— Problem details —
Could you retype, exactly as written, every line from the top of the records through the line that contains "proof (rule ccontr)"?

[Saved entries]

========================================================================

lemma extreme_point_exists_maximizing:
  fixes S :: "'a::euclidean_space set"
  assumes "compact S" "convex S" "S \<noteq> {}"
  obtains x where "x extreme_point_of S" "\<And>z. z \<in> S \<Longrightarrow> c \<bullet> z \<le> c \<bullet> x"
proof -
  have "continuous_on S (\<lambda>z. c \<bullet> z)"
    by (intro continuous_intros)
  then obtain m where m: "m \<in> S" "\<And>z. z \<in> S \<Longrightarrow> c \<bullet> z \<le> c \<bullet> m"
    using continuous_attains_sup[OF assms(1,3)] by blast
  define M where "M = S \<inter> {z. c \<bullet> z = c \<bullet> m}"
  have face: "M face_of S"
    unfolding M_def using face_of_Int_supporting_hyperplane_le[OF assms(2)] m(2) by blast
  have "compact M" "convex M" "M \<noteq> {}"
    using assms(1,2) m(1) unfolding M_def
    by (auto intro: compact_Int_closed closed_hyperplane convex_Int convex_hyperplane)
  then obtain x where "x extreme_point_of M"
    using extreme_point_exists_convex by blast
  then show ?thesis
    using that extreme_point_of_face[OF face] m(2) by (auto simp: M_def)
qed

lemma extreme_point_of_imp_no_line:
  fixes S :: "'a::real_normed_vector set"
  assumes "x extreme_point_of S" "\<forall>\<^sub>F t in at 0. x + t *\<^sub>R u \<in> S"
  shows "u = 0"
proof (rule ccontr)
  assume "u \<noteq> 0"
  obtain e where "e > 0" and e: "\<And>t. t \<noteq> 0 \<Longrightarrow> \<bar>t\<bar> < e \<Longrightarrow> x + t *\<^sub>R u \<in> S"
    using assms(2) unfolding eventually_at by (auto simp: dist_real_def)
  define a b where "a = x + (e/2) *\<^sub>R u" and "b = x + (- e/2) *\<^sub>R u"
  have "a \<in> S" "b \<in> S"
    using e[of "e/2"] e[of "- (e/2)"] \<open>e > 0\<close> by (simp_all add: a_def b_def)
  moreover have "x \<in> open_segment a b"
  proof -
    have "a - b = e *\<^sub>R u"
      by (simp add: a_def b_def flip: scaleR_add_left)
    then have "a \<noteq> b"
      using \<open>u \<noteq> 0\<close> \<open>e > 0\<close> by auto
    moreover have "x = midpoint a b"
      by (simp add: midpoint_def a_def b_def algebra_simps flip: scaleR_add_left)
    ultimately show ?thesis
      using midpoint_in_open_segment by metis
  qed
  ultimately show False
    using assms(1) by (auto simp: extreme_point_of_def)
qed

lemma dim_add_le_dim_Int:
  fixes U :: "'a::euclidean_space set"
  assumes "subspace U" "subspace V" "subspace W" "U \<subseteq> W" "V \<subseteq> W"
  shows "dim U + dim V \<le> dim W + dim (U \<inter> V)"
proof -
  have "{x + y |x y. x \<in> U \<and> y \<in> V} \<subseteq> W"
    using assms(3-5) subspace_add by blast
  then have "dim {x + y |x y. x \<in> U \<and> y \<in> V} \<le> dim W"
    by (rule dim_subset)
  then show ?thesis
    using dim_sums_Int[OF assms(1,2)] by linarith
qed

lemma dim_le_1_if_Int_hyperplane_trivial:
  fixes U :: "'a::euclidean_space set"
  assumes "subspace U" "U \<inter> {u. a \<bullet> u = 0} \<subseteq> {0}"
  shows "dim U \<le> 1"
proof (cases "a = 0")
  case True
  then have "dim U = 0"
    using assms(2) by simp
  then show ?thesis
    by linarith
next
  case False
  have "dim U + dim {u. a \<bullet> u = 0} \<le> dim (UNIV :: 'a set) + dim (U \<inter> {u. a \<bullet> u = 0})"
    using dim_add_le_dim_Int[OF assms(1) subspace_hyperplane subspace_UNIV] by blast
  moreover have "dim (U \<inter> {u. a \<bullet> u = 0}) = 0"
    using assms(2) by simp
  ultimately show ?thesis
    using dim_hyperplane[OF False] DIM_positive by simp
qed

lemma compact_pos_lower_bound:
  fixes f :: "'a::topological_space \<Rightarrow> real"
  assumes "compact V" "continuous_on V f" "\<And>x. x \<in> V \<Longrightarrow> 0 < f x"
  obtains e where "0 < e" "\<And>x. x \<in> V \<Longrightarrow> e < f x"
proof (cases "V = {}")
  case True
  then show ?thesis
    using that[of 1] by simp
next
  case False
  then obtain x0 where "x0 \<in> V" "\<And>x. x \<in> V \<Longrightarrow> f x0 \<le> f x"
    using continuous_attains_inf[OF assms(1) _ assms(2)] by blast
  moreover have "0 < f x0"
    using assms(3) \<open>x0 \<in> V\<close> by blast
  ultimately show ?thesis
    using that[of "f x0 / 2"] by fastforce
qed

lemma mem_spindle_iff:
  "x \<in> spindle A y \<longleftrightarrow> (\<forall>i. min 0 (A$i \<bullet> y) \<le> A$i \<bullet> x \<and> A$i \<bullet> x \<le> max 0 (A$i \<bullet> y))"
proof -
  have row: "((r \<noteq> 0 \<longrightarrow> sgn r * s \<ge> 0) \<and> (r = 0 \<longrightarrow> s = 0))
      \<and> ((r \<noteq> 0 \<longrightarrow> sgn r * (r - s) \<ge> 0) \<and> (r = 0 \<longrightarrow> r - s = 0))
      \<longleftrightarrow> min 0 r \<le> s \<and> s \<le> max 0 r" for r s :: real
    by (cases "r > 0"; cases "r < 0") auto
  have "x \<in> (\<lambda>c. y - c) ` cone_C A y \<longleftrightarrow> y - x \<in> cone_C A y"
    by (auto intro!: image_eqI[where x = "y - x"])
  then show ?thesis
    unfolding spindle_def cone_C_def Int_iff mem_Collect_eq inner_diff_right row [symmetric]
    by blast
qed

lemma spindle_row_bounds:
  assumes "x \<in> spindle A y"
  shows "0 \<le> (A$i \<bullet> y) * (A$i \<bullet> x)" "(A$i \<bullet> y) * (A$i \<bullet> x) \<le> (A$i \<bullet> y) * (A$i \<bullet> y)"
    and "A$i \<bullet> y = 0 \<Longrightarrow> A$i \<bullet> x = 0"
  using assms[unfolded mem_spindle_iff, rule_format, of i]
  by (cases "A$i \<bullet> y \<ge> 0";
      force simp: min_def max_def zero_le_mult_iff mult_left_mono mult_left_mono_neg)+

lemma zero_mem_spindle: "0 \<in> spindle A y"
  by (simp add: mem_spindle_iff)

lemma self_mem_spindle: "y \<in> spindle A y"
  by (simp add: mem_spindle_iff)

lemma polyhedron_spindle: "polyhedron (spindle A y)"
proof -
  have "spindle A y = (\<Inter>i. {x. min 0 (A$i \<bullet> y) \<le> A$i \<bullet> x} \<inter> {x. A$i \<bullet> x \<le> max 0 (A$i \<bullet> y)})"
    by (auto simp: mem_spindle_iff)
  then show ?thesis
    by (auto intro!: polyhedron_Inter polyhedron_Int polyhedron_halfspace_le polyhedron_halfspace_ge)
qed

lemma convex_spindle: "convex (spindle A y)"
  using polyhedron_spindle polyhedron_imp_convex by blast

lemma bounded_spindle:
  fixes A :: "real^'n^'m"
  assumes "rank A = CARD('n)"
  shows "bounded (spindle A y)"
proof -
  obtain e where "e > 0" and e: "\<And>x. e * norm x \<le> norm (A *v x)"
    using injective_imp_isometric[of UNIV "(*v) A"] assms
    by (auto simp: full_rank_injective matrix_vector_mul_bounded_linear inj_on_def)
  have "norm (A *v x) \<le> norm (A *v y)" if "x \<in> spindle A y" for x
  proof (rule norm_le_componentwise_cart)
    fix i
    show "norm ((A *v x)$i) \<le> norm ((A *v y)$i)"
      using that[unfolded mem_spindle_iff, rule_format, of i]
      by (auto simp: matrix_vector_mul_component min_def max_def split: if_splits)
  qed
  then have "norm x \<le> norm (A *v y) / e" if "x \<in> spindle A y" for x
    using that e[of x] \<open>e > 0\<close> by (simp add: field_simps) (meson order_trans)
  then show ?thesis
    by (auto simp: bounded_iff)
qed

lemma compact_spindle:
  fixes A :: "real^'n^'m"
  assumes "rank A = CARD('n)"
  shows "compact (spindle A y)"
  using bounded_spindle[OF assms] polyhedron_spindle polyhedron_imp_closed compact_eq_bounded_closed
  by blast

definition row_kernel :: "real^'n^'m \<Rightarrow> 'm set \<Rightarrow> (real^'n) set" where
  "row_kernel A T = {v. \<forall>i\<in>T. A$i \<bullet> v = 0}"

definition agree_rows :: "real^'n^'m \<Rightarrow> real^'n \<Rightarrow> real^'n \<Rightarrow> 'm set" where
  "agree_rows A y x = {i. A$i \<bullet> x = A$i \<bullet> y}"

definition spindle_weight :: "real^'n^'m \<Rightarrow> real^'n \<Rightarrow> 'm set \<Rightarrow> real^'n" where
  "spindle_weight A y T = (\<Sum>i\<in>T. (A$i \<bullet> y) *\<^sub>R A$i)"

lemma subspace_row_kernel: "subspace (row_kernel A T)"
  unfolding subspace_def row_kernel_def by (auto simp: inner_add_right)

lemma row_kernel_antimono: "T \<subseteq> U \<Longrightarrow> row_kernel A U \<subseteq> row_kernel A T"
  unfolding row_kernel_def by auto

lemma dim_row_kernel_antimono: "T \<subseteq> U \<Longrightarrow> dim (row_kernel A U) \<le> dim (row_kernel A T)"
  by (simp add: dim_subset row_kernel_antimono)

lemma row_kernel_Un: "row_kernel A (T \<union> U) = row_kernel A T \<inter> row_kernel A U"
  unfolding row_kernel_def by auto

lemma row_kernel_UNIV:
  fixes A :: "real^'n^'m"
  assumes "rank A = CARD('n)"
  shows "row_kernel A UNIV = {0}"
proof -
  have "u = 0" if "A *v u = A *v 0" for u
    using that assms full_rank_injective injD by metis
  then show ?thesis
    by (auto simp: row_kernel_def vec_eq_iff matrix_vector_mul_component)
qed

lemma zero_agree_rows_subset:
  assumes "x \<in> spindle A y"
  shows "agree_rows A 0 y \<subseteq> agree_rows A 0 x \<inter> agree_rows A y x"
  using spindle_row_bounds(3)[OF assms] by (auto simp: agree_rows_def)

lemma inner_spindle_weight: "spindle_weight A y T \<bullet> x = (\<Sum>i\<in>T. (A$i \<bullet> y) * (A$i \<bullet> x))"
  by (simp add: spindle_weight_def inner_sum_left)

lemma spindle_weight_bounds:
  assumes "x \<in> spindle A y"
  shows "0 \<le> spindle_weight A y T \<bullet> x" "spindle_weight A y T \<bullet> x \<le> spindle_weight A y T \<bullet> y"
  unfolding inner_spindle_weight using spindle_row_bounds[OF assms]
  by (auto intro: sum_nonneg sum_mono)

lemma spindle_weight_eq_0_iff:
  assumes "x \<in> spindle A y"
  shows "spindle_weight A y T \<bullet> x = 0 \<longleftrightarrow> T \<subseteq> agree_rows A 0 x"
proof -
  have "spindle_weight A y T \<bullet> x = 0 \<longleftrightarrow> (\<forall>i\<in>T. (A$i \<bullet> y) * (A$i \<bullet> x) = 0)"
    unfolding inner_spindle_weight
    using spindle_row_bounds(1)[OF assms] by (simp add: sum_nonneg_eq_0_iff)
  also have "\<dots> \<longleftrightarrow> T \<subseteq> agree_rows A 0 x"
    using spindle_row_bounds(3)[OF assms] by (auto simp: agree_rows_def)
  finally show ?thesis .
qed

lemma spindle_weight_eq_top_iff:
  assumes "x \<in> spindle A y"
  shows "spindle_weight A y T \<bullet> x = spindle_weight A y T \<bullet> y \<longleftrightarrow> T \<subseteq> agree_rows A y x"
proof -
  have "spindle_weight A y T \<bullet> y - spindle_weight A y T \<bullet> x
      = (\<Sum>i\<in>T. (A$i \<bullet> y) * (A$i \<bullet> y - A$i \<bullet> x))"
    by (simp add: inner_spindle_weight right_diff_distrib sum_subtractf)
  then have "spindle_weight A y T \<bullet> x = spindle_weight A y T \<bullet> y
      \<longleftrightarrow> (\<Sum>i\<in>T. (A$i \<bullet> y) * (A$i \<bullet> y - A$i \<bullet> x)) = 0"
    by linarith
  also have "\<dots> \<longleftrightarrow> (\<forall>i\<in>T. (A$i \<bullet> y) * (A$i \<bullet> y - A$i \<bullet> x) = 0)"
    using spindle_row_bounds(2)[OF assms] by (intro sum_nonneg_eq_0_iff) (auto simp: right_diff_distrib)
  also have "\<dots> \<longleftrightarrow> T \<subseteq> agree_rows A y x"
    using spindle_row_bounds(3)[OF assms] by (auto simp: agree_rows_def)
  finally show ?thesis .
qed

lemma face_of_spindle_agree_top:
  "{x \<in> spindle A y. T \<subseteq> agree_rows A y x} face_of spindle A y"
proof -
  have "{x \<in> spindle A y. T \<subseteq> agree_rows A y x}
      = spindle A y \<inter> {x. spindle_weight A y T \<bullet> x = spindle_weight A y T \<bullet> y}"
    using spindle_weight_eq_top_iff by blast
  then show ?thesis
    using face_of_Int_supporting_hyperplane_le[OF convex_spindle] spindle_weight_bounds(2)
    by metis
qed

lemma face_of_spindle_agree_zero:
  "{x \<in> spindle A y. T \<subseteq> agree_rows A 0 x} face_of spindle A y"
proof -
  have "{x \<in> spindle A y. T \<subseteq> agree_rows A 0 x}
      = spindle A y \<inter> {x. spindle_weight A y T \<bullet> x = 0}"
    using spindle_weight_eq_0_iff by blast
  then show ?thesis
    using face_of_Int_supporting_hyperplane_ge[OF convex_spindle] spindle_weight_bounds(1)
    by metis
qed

========================================================================

— Task result —
lemma extreme_point_exists_maximizing:
  fixes S :: "'a::euclidean_space set"
  assumes "compact S" "convex S" "S \<noteq> {}"
  obtains x where "x extreme_point_of S" "\<And>z. z \<in> S \<Longrightarrow> c \<bullet> z \<le> c \<bullet> x"
proof -
  have "continuous_on S (\<lambda>z. c \<bullet> z)"
    by (intro continuous_intros)
  then obtain m where m: "m \<in> S" "\<And>z. z \<in> S \<Longrightarrow> c \<bullet> z \<le> c \<bullet> m"
    using continuous_attains_sup[OF assms(1,3)] by blast
  define M where "M = S \<inter> {z. c \<bullet> z = c \<bullet> m}"
  have face: "M face_of S"
    unfolding M_def using face_of_Int_supporting_hyperplane_le[OF assms(2)] m(2) by blast
  have "compact M" "convex M" "M \<noteq> {}"
    using assms(1,2) m(1) unfolding M_def
    by (auto intro: compact_Int_closed closed_hyperplane convex_Int convex_hyperplane)
  then obtain x where "x extreme_point_of M"
    using extreme_point_exists_convex by blast
  then show ?thesis
    using that extreme_point_of_face[OF face] m(2) by (auto simp: M_def)
qed

lemma extreme_point_of_imp_no_line:
  fixes S :: "'a::real_normed_vector set"
  assumes "x extreme_point_of S" "\<forall>\<^sub>F t in at 0. x + t *\<^sub>R u \<in> S"
  shows "u = 0"
proof (rule ccontr)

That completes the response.